Разъяснение уездного исполнительного комитета:

«Предположим, что плательщик должен был внести 100 рублей к 30/IV, а внес только 4 ноября, в таком случае с него следует взыскать пени: за первые 15 дней июля 10% – т. е. 10 руб. за вторые – 15% т. е. – 15 руб. за август по 25% за каждые 15 дней, всего – 50 руб. за сентябрь– 50 руб. за октябрь – 50 руб.

За 4 дня ноября, как за полные 15 дней, 25%– 25 руб. Всего 200% – 200 рублей.

Неполные 15 дней считаются за полные. Таким образом, плательщик должен уплатить 100 рублей налога и 200 рублей штрафа (пени), а всего 300 рублей[50].

Настоящее сообщается к точному неукоснительному исполнению и руководству. Вр. Предисполкома Одинцов. Зав. УФО Миронов

Зав. налоговой частью Иванов Делопроизводитель Ивановский».

В русле нашего рассказа и скупые строчки Хроники:

«...Надо отметить скрытие населением оружия казенного образца и случаи избиения председателя Перфиловского волисполкома Дубровина – коммунара на почве недовольства единым сельхозналогом кулаками деревни Манут...»

И еще:

«...настроение и отношение к соввласти удовлетворительное, если не считать некоторого недовольства в связи с ускоренным выполнением сельхозналога при настоящем бездорожье». (Это 1924 год.)

И еще:

«...Настроение населения в данное время возбужденное благодаря высокому налогу, краткости срока, уплаты 20% его и дешевизны цен на хлеб...

Надежды на скидку и льготы...»

(Это 1925 год.)

И еще – по 26-му году – героический рейд уполномоченного Бурденюка по нашим селам, повторяться не будем.

И еще: из личных анкет председателей сельсоветов.

Владимир Оржеховский:

– Большой вред в отсутствии твердых сроков в соблюдении уплаты. Объявленные сроки то отменяются, то вновь объявляются. Для выполнения налога недавно был 3-дневный срок вместо 3-месячного.

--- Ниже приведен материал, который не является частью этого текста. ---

(* Let $G$ be a countable group, $\Sigma$ a map sequence for $G$ and $(G,X,\mu)$ a $G$-system. Let $\alpha,\beta\in\mathcal P$ and suppose that $\alpha$ refines $\beta$. Then for every finite $F\subset G$, $$H(\Sigma,\beta:F)-H(\beta)\ge H(\Sigma,\alpha:F)-H(\alpha).$$
   Context: $\mathrm{Sym}(m)$ is the symmetric group on $\{1,\dots,m\}$. A map sequence for $G$ is a sequence $\Sigma=\{\sigma_i\}$ of maps (not necessarily homomorphisms) $\sigma_i:G\to\mathrm{Sym}(m_i)$ with $m_i\to\infty$. A $G$-system is a measure-preserving action on a probability space $(X,\mu)$. $\mathcal P$ is the set of measurable (ordered) partitions $\alpha=(A_1,A_2,\dots)$ of $X$ into at most countably many atoms with finite entropy $H(\alpha)=-\sum\mu(A_i)\log\mu(A_i)$, modulo null sets. $\alpha$ refines $\beta$ (written $\beta\le\alpha$) if every atom of $\alpha$ is contained up to a null set in an atom of $\beta$. With $\zeta$ uniform on $\{1,\dots,m\}$, for $\sigma:G\to\mathrm{Sym}(m)$, a partition $\beta=(B_1,\dots)$ of $\{1,\dots,m\}$ and finite $F$: $d_F(\alpha,\beta)=\sum_{\phi:F\to\mathbb N}|\mu(\bigcap_{f\in F}fA_{\phi(f)})-\zeta(\bigcap_{f\in F}\sigma(f)B_{\phi(f)})|$ (missing atoms empty). For finite $\alpha=(A_1,\dots,A_u)$, $\mathcal{AP}(\sigma,\alpha:F,\epsilon)$ is the set of ordered partitions $(B_1,\dots,B_u)$ of $\{1,\dots,m\}$ with $d_F(\alpha,\beta)\le\epsilon$, and $H(\Sigma,\alpha:F)=\lim_{\epsilon\to0}\limsup_i\frac1{m_i}\log|\mathcal{AP}(\sigma_i,\alpha:F,\epsilon)|$ ($\log 0=-\infty$). A chain of $\alpha$ is a sequence of finite partitions $\alpha_1\le\alpha_2\le\cdots\le\alpha$ with $\bigvee_n\alpha_n=\alpha$. For general $\alpha\in\mathcal P$, $H(\Sigma,\alpha:F)=\inf\{\lim_nH(\Sigma,\alpha_n:F):\{\alpha_n\}\text{ a chain of }\alpha\}$. *)

theory Defs
  imports "HOL-Probability.Probability" "HOL-Combinatorics.Permutations" "HOL-Library.Countable"
begin

definition map_sequence :: "(nat \<Rightarrow> 'g \<Rightarrow> nat \<Rightarrow> nat) \<Rightarrow> (nat \<Rightarrow> nat) \<Rightarrow> bool" where
  "map_sequence \<sigma> m \<longleftrightarrow> (\<forall>i g. \<sigma> i g permutes {1..m i}) \<and> filterlim m at_top sequentially"

definition mp_action :: "'x measure \<Rightarrow> ('g::group_add \<Rightarrow> 'x \<Rightarrow> 'x) \<Rightarrow> bool" where
  "mp_action M T \<longleftrightarrow> prob_space M
     \<and> (\<forall>g. T g \<in> M \<rightarrow>\<^sub>M M \<and> distr M M (T g) = M)
     \<and> (\<forall>x\<in>space M. T 0 x = x)
     \<and> (\<forall>g h. \<forall>x\<in>space M. T (g + h) x = T g (T h x))"

text \<open>Ordered measurable partitions into at most countably many atoms (indexed by nat;
  missing atoms are empty).\<close>
definition is_partition :: "'x measure \<Rightarrow> (nat \<Rightarrow> 'x set) \<Rightarrow> bool" where
  "is_partition M \<alpha> \<longleftrightarrow> (\<forall>i. \<alpha> i \<in> sets M) \<and> disjoint_family \<alpha> \<and> (\<Union>i. \<alpha> i) = space M"

definition part_entropy :: "'x measure \<Rightarrow> (nat \<Rightarrow> 'x set) \<Rightarrow> real" where
  "part_entropy M \<alpha> = (\<Sum>i. - measure M (\<alpha> i) * ln (measure M (\<alpha> i)))"

definition in_P :: "'x measure \<Rightarrow> (nat \<Rightarrow> 'x set) \<Rightarrow> bool" where
  "in_P M \<alpha> \<longleftrightarrow> is_partition M \<alpha> \<and> summable (\<lambda>i. - measure M (\<alpha> i) * ln (measure M (\<alpha> i)))"

text \<open>part_le M beta alpha: alpha refines beta (every atom of alpha is contained, up to a
  null set, in an atom of beta).\<close>
definition part_le :: "'x measure \<Rightarrow> (nat \<Rightarrow> 'x set) \<Rightarrow> (nat \<Rightarrow> 'x set) \<Rightarrow> bool" where
  "part_le M \<beta> \<alpha> \<longleftrightarrow> (\<forall>i. \<exists>j. emeasure M (\<alpha> i - \<beta> j) = 0)"

definition finite_part :: "'x measure \<Rightarrow> (nat \<Rightarrow> 'x set) \<Rightarrow> bool" where
  "finite_part M \<alpha> \<longleftrightarrow> (\<exists>u. \<forall>i\<ge>u. emeasure M (\<alpha> i) = 0)"

definition part_len :: "'x measure \<Rightarrow> (nat \<Rightarrow> 'x set) \<Rightarrow> nat" where
  "part_len M \<alpha> = (LEAST u. \<forall>i\<ge>u. emeasure M (\<alpha> i) = 0)"

text \<open>A chain of alpha: finite partitions alpha_1 <= alpha_2 <= ... <= alpha whose join is
  alpha (every atom of alpha lies, modulo null sets, in the sigma-algebra generated by the
  atoms of all alpha_n).\<close>
definition is_chain :: "'x measure \<Rightarrow> (nat \<Rightarrow> nat \<Rightarrow> 'x set) \<Rightarrow> (nat \<Rightarrow> 'x set) \<Rightarrow> bool" where
  "is_chain M \<alpha>s \<alpha> \<longleftrightarrow>
     (\<forall>n. is_partition M (\<alpha>s n) \<and> finite_part M (\<alpha>s n))
   \<and> (\<forall>n. part_le M (\<alpha>s n) (\<alpha>s (Suc n)))
   \<and> (\<forall>n. part_le M (\<alpha>s n) \<alpha>)
   \<and> (\<forall>i. \<exists>S \<in> sigma_sets (space M) (\<Union>n. range (\<alpha>s n)).
          emeasure M ((S - \<alpha> i) \<union> (\<alpha> i - S)) = 0)"

definition dF :: "'x measure \<Rightarrow> ('g \<Rightarrow> 'x \<Rightarrow> 'x) \<Rightarrow> 'g set \<Rightarrow> (nat \<Rightarrow> 'x set)
                  \<Rightarrow> ('g \<Rightarrow> nat \<Rightarrow> nat) \<Rightarrow> nat \<Rightarrow> (nat \<Rightarrow> nat set) \<Rightarrow> real" where
  "dF M T F \<alpha> \<sigma> m B =
     infsum (\<lambda>\<phi>. \<bar>measure M (space M \<inter> (\<Inter>f\<in>F. T f ` \<alpha> (\<phi> f)))
                  - real (card ({1..m} \<inter> (\<Inter>f\<in>F. \<sigma> f ` B (\<phi> f)))) / real m\<bar>)
            (F \<rightarrow>\<^sub>E (UNIV :: nat set))"
(* Let $G=(V,E)$ be a digraph of directed tree-width at most $k$, and let $V_1,V_2$ satisfy $V_1\cup V_2=V$, $V_1\cap V_2=\emptyset$ and $\{(u,v),(v,u):u\in V_1,v\in V_2\}\subseteq E$. Then there is a directed tree-decomposition $(T,\mathcal{X},\mathcal{W})$, $T=(V_T,E_T)$, of $G$ of width at most $k$ such that $V_1\subseteq X_e$ for every $e\in E_T$, or $V_2\subseteq X_e$ for every $e\in E_T$.
   Context: Digraphs are finite, without loops or multiple arcs. An out-tree is a digraph whose underlying graph is a tree, with a root such that all arcs are directed away from it; $u\le v$ means there is a directed path with $\ge0$ arcs from $u$ to $v$. For $Z\subseteq V$, a set $S\subseteq V$ is $Z$-normal if there is no directed walk in $G-Z$ with first and last vertices in $S$ that uses a vertex of $G-(Z\cup S)$. A directed tree-decomposition of $G=(V,E)$ is a triple $(T,\mathcal{X},\mathcal{W})$ with $T=(V_T,E_T)$ an out-tree, $\mathcal{X}=\{X_e:e\in E_T\}$ and $\mathcal{W}=\{W_r:r\in V_T\}$ subsets of $V$, such that $\mathcal{W}$ is a partition of $V$ into nonempty sets and for every $(u,v)\in E_T$ the set $\bigcup\{W_r: r\in V_T, v\le r\}$ is $X_{(u,v)}$-normal. Its width is $\max_{r\in V_T}|W_r\cup\bigcup_{e\sim r}X_e|-1$ ($e\sim r$: $r$ is an end vertex of $e$); the directed tree-width is the minimum width. *)

theory Defs
  imports Main
begin

definition digraph :: "'a set \<Rightarrow> ('a \<times> 'a) set \<Rightarrow> bool" where
  "digraph V E \<longleftrightarrow> finite V \<and> E \<subseteq> V \<times> V \<and> (\<forall>v. (v, v) \<notin> E)"

text \<open>Out-tree: a digraph whose underlying (undirected) graph is a tree, i.e.
  connected and minimally connected, with no pair of opposite arcs (which would
  form a double edge in the underlying graph), and with a root from which all
  arcs are directed away (every vertex is reachable from the root by a directed path).\<close>
definition ugraph_connected :: "'b set \<Rightarrow> ('b \<times> 'b) set \<Rightarrow> bool" where
  "ugraph_connected VT ET \<longleftrightarrow> (\<forall>u\<in>VT. \<forall>v\<in>VT. (u, v) \<in> (ET \<union> ET\<inverse>)\<^sup>*)"

definition out_tree :: "'b set \<Rightarrow> ('b \<times> 'b) set \<Rightarrow> bool" where
  "out_tree VT ET \<longleftrightarrow> digraph VT ET \<and> VT \<noteq> {}
     \<and> (\<forall>u v. (u, v) \<in> ET \<longrightarrow> (v, u) \<notin> ET)
     \<and> ugraph_connected VT ET
     \<and> (\<forall>e\<in>ET. \<not> ugraph_connected VT (ET - {e}))
     \<and> (\<exists>r\<in>VT. \<forall>v\<in>VT. (r, v) \<in> ET\<^sup>*)"

definition is_walk :: "('a \<times> 'a) set \<Rightarrow> 'a list \<Rightarrow> bool" where
  "is_walk E ws \<longleftrightarrow> ws \<noteq> [] \<and> (\<forall>i. Suc i < length ws \<longrightarrow> (ws ! i, ws ! Suc i) \<in> E)"

definition z_normal :: "'a set \<Rightarrow> ('a \<times> 'a) set \<Rightarrow> 'a set \<Rightarrow> 'a set \<Rightarrow> bool" where
  "z_normal V E Z S \<longleftrightarrow>
     \<not> (\<exists>ws. is_walk E ws \<and> set ws \<subseteq> V - Z \<and> hd ws \<in> S \<and> last ws \<in> S
            \<and> (\<exists>w\<in>set ws. w \<notin> S))"
lemma int_vec_image_eq:
  assumes nonneg: "\<And>z i. z \<in> B \<Longrightarrow> z i \<ge> 0" and mem: "\<And>r. r \<in> A \<longleftrightarrow> (\<lambda>i. int (r i)) \<in> B"
  shows "(\<lambda>r i. int (r i)) ` A = B"
proof
  show "(\<lambda>r i. int (r i)) ` A \<subseteq> B" using mem by auto
  show "B \<subseteq> (\<lambda>r i. int (r i)) ` A"
  proof
    fix z assume z: "z \<in> B"
    then have "z = (\<lambda>i. int (nat (z i)))" using nonneg by (simp add: fun_eq_iff)
    then show "z \<in> (\<lambda>r i. int (r i)) ` A" using z mem[of "\<lambda>i. nat (z i)"] by (metis image_eqI)
  qed
qed

lemma orthant_nonneg:
  assumes "z \<in> orthant J sg"
  shows "z i \<ge> 0"
proof (cases "i \<in> J")
  case True
  then have "if sg i then z i \<ge> 0 else z i > 0" using assms by (simp add: orthant_def)
  then show ?thesis by (simp split: if_splits)
next
  case False
  then show ?thesis using assms by (simp add: orthant_def supp_on_def)
qed

lemma int_image_cone_face:
  assumes "S \<subseteq> {l..<n}"
  shows "(\<lambda>r i. int (r i)) ` cone_face l n S = orthant ({..<n} - S) (\<lambda>k. k < l)"
proof (rule int_vec_image_eq)
  show "z i \<ge> 0" if "z \<in> orthant ({..<n} - S) (\<lambda>k. k < l)" for z i
    by (rule orthant_nonneg[OF that])
  show "r \<in> cone_face l n S \<longleftrightarrow> (\<lambda>i. int (r i)) \<in> orthant ({..<n} - S) (\<lambda>k. k < l)" for r
    using assms unfolding cone_face_def orthant_def supp_on_def by (auto simp: not_less Suc_le_eq)
qed

lemma int_image_circ_face:
  assumes "S \<subseteq> {l..<n}" "l \<le> n"
  shows "(\<lambda>r i. int (r i)) ` circ_face l n S = orthant ({..<n} - S) (\<lambda>k. \<not> k < l)"
proof (rule int_vec_image_eq)
  show "z i \<ge> 0" if "z \<in> orthant ({..<n} - S) (\<lambda>k. \<not> k < l)" for z i
    by (rule orthant_nonneg[OF that])
  show "r \<in> circ_face l n S \<longleftrightarrow> (\<lambda>i. int (r i)) \<in> orthant ({..<n} - S) (\<lambda>k. \<not> k < l)" for r
  proof -
    have "k \<in> {..<n} - S" if "k < l" for k using assms that by auto
    then show ?thesis
      unfolding circ_face_def orthant_def supp_on_def by (auto simp: not_less Suc_le_eq)
  qed
qed

lemma has_sum_int_vec_reindex:
  fixes F :: "(nat \<Rightarrow> nat) \<Rightarrow> complex"
  assumes "((\<lambda>z. F (\<lambda>i. nat (z i))) has_sum v) ((\<lambda>r i. int (r i)) ` A)"
  shows "(F has_sum v) A"
proof -
  have "inj_on (\<lambda>(r::nat \<Rightarrow> nat) i. int (r i)) A"
    by (rule inj_onI) (auto simp: fun_eq_iff)
  then show ?thesis using assms by (simp add: has_sum_reindex o_def)
qed

lemma cone_eq_UN_cone_face:
  assumes n: "n = l + a"
  shows "cone l a = (\<Union>S\<in>{S. S \<subseteq> {l..<n} \<and> S \<noteq> {}}. cone_face l n S)"
    and "\<And>S S'. S \<subseteq> {l..<n} \<Longrightarrow> S' \<subseteq> {l..<n} \<Longrightarrow> S \<noteq> S' \<Longrightarrow> cone_face l n S \<inter> cone_face l n S' = {}"
proof -
  have zeros: "S = {\<rho>\<in>{l..<n}. r \<rho> = 0}" if "r \<in> cone_face l n S" "S \<subseteq> {l..<n}" for r S
  proof -
    have zero_pos: "\<forall>\<rho>\<in>S. r \<rho> = 0" "\<forall>\<rho>\<in>{l..<n} - S. 1 \<le> r \<rho>"
      using that(1) by (auto simp: cone_face_def)
    show ?thesis
    proof (intro set_eqI iffI)
      fix \<rho> assume "\<rho> \<in> {\<rho>\<in>{l..<n}. r \<rho> = 0}"
      then show "\<rho> \<in> S"
      proof (rule contrapos_pp)
        assume "\<rho> \<notin> S"
        then have "1 \<le> r \<rho>" using zero_pos(2) \<open>\<rho> \<in> {\<rho>\<in>{l..<n}. r \<rho> = 0}\<close> by blast
        then show "\<rho> \<notin> {\<rho>\<in>{l..<n}. r \<rho> = 0}" by simp
      qed
    qed (use zero_pos that(2) in auto)
  qed
  show "cone l a = (\<Union>S\<in>{S. S \<subseteq> {l..<n} \<and> S \<noteq> {}}. cone_face l n S)"
  proof (intro set_eqI iffI)
    fix r assume r: "r \<in> cone l a"
    then have "\<forall>\<rho>. n \<le> \<rho> \<longrightarrow> r \<rho> = 0" "\<exists>\<rho>\<in>{l..<n}. r \<rho> = 0"
      using n by (auto simp: cone_def)
    then have "{\<rho>\<in>{l..<n}. r \<rho> = 0} \<noteq> {}" "r \<in> cone_face l n {\<rho>\<in>{l..<n}. r \<rho> = 0}"
      unfolding cone_face_def by (auto simp: Suc_le_eq)
    then show "r \<in> (\<Union>S\<in>{S. S \<subseteq> {l..<n} \<and> S \<noteq> {}}. cone_face l n S)"
      by (intro UN_I[of "{\<rho>\<in>{l..<n}. r \<rho> = 0}"]) auto
  next
    fix r assume "r \<in> (\<Union>S\<in>{S. S \<subseteq> {l..<n} \<and> S \<noteq> {}}. cone_face l n S)"
    then obtain S \<rho> where "S \<subseteq> {l..<n}" "\<rho> \<in> S" "r \<in> cone_face l n S" by blast
    then have "l \<le> \<rho> \<and> \<rho> < l + a \<and> r \<rho> = 0" "\<forall>\<rho>. l + a \<le> \<rho> \<longrightarrow> r \<rho> = 0"
      using n by (auto simp: cone_face_def)
    then show "r \<in> cone l a" unfolding cone_def by blast
  qed
  show "cone_face l n S \<inter> cone_face l n S' = {}" if "S \<subseteq> {l..<n}" "S' \<subseteq> {l..<n}" "S \<noteq> S'" for S S'
  proof (rule equals0I)
    fix r assume "r \<in> cone_face l n S \<inter> cone_face l n S'"
    then have "r \<in> cone_face l n S" "r \<in> cone_face l n S'" by auto
    then show False using zeros[of r S] zeros[of r S'] that by simp
  qed
qed

lemma sum_nonempty_subsets_alternating:
  assumes "finite Z" "Z \<noteq> {}"
  shows "(\<Sum>S\<in>{S. S \<subseteq> Z \<and> S \<noteq> {}}. (-1::complex) ^ (card S + 1)) = 1"
proof -
  have "(\<Sum>S\<in>Pow Z. (-1::complex) ^ card S) = 0"
  proof (rule sum_alternating_cancels)
    show "finite (Pow Z)" using assms by simp
    show "card {x \<in> Pow Z. even (card x)} = card {x \<in> Pow Z. odd (card x)}"
      using card_subsupersets_even_odd[of Z "{}"] assms by (auto simp: Pow_def)
  qed
  moreover have "Pow Z = insert {} {S. S \<subseteq> Z \<and> S \<noteq> {}}" by auto
  moreover have "finite {S. S \<subseteq> Z \<and> S \<noteq> {}}" using assms by (auto intro: finite_subset[of _ "Pow Z"])
  ultimately have "(\<Sum>S\<in>{S. S \<subseteq> Z \<and> S \<noteq> {}}. (-1::complex) ^ card S) = -1"
    by (simp add: eq_neg_iff_add_eq_0 add.commute)
  then show ?thesis by (simp add: sum_negf)
qed

text \<open>A point of \<open>\<nat>\<^sup>l \<times> \<nat>\<^sub>0\<^sup>a\<close> lies in \<open>circ_face l n S\<close> iff \<open>S\<close> is contained in its zero set \<open>Z\<close>, and the
  alternating count of the nonempty such \<open>S\<close> is \<open>1\<close> if \<open>Z \<noteq> {}\<close> and \<open>0\<close> otherwise.\<close>

lemma cone_circ_inclusion_exclusion:
  fixes f :: "(nat \<Rightarrow> nat) \<Rightarrow> complex"
  assumes n: "n = l + a"
    and face: "\<And>S. S \<subseteq> {l..<n} \<Longrightarrow> S \<noteq> {} \<Longrightarrow> (f has_sum w S) (circ_face l n S)"
  shows "(f has_sum (\<Sum>S\<in>{S. S \<subseteq> {l..<n} \<and> S \<noteq> {}}. (-1) ^ (card S + 1) * w S)) (cone_circ l a)"
proof -
  define Fc where "Fc = {S. S \<subseteq> {l..<n} \<and> S \<noteq> {}}"
  define U where "U = {r::nat\<Rightarrow>nat. (\<forall>\<rho>. n \<le> \<rho> \<longrightarrow> r \<rho> = 0) \<and> (\<forall>\<rho><l. 1 \<le> r \<rho>)}"
  define Z where "Z r = {\<rho>\<in>{l..<n}. r \<rho> = 0}" for r :: "nat \<Rightarrow> nat"
  define ind where "ind S r = (if r \<in> circ_face l n S then 1 else 0 :: complex)" for S r
  have finFc: "finite Fc" unfolding Fc_def by (rule finite_subset[of _ "Pow {l..<n}"]) auto
  have circ_face_iff: "r \<in> circ_face l n S \<longleftrightarrow> r \<in> U \<and> S \<subseteq> Z r" if "S \<in> Fc" for r S
    using that unfolding circ_face_def U_def Z_def Fc_def by auto
  have "((\<lambda>r. (-1) ^ (card S + 1) * (f r * ind S r)) has_sum ((-1) ^ (card S + 1) * w S)) U" if S: "S \<in> Fc" for S
  proof (rule has_sum_cmult_right)
    show "((\<lambda>r. f r * ind S r) has_sum w S) U"
      using face[of S] S circ_face_iff[OF S]
      by (subst has_sum_cong_neutral[where g=f and T="circ_face l n S"]) (auto simp: Fc_def ind_def)
  qed
  then have "((\<lambda>r. \<Sum>S\<in>Fc. (-1) ^ (card S + 1) * (f r * ind S r)) has_sum
      (\<Sum>S\<in>Fc. (-1) ^ (card S + 1) * w S)) U"
    by (rule has_sum_sum_fun[OF finFc])
  moreover have "(\<Sum>S\<in>Fc. (-1) ^ (card S + 1) * (f r * ind S r)) = (if r \<in> cone_circ l a then f r else 0)"
    if r: "r \<in> U" for r
  proof -
    have "(-1) ^ (card S + 1) * (f r * ind S r) = f r * (if S \<subseteq> Z r then (-1) ^ (card S + 1) else 0)"
      if "S \<in> Fc" for S
      using circ_face_iff[OF that] r by (simp add: ind_def)
    then have "(\<Sum>S\<in>Fc. (-1) ^ (card S + 1) * (f r * ind S r)) =
        f r * (\<Sum>S\<in>Fc. if S \<subseteq> Z r then (-1) ^ (card S + 1) else 0)"
      unfolding sum_distrib_left by (rule sum.cong[OF refl])
    also have "(\<Sum>S\<in>Fc. if S \<subseteq> Z r then (-1) ^ (card S + 1) else 0) =
        (\<Sum>S\<in>{S\<in>Fc. S \<subseteq> Z r}. (-1::complex) ^ (card S + 1))"
      by (rule sum.inter_filter[OF finFc, symmetric])
    also have "{S\<in>Fc. S \<subseteq> Z r} = {S. S \<subseteq> Z r \<and> S \<noteq> {}}" by (auto simp: Fc_def Z_def)
    also have "(\<Sum>S\<in>{S. S \<subseteq> Z r \<and> S \<noteq> {}}. (-1::complex) ^ (card S + 1)) = (if Z r \<noteq> {} then 1 else 0)"
    proof (cases "Z r = {}")
      case False
      moreover have "finite (Z r)" by (simp add: Z_def)
      ultimately show ?thesis using sum_nonempty_subsets_alternating by simp
    qed simp
    also have "Z r \<noteq> {} \<longleftrightarrow> r \<in> cone_circ l a" using r n by (auto simp: Z_def U_def cone_circ_def)
    finally show ?thesis by simp
  qed
  ultimately have "((\<lambda>r. if r \<in> cone_circ l a then f r else 0) has_sum (\<Sum>S\<in>Fc. (-1) ^ (card S + 1) * w S)) U"
    by (rule has_sum_cong[THEN iffD1, rotated]) simp
  moreover have "cone_circ l a \<subseteq> U" using n by (auto simp: cone_circ_def U_def)
  ultimately show ?thesis
    unfolding Fc_def[symmetric]
    by (subst has_sum_cong_neutral[where g="\<lambda>r. if r \<in> cone_circ l a then f r else 0" and T=U]) auto
qed
lemma powi_le_two_power:
  fixes y :: real assumes "1/2 \<le> y" "y \<le> 2"
  shows "y powi e \<le> 2 ^ nat \<bar>e\<bar>"
proof (cases "e \<ge> 0")
  case True
  then have "y powi e = y ^ nat e" by (simp add: power_int_def)
  also have "\<dots> \<le> 2 ^ nat e" using assms by (intro power_mono) auto
  finally show ?thesis using True by simp
next
  case False
  then have "y powi e = inverse y ^ nat (-e)" by (simp add: power_int_def)
  also have "\<dots> \<le> 2 ^ nat (-e)" using assms by (intro power_mono) (auto simp: field_simps)
  finally show ?thesis using False by simp
qed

Михаил Максимович Засорин:

– Расчет ставок налога по земле, едокам, скоту не всегда согласуется с действительной мощностью хозяйства.

Анонимные ответы председателей сельсоветов на вопрос: «Есть ли преимущество продналога перед продразверсткой?»

– Не заметил.

– Есть, но незначительные.

– Тяжелый налог.

– Не по силам мужику.

(Это 1927 год.)

И еще:

«...Открытое недовольство страховкой. Этот вопрос является самым основным неудовольствием крестьян, которые говорят открыто, зачем нам» Советская власть навязывает то, что нам совсем нынче не с руки и материально тяжелое. Пусть страхует себя тот, кто может и желает.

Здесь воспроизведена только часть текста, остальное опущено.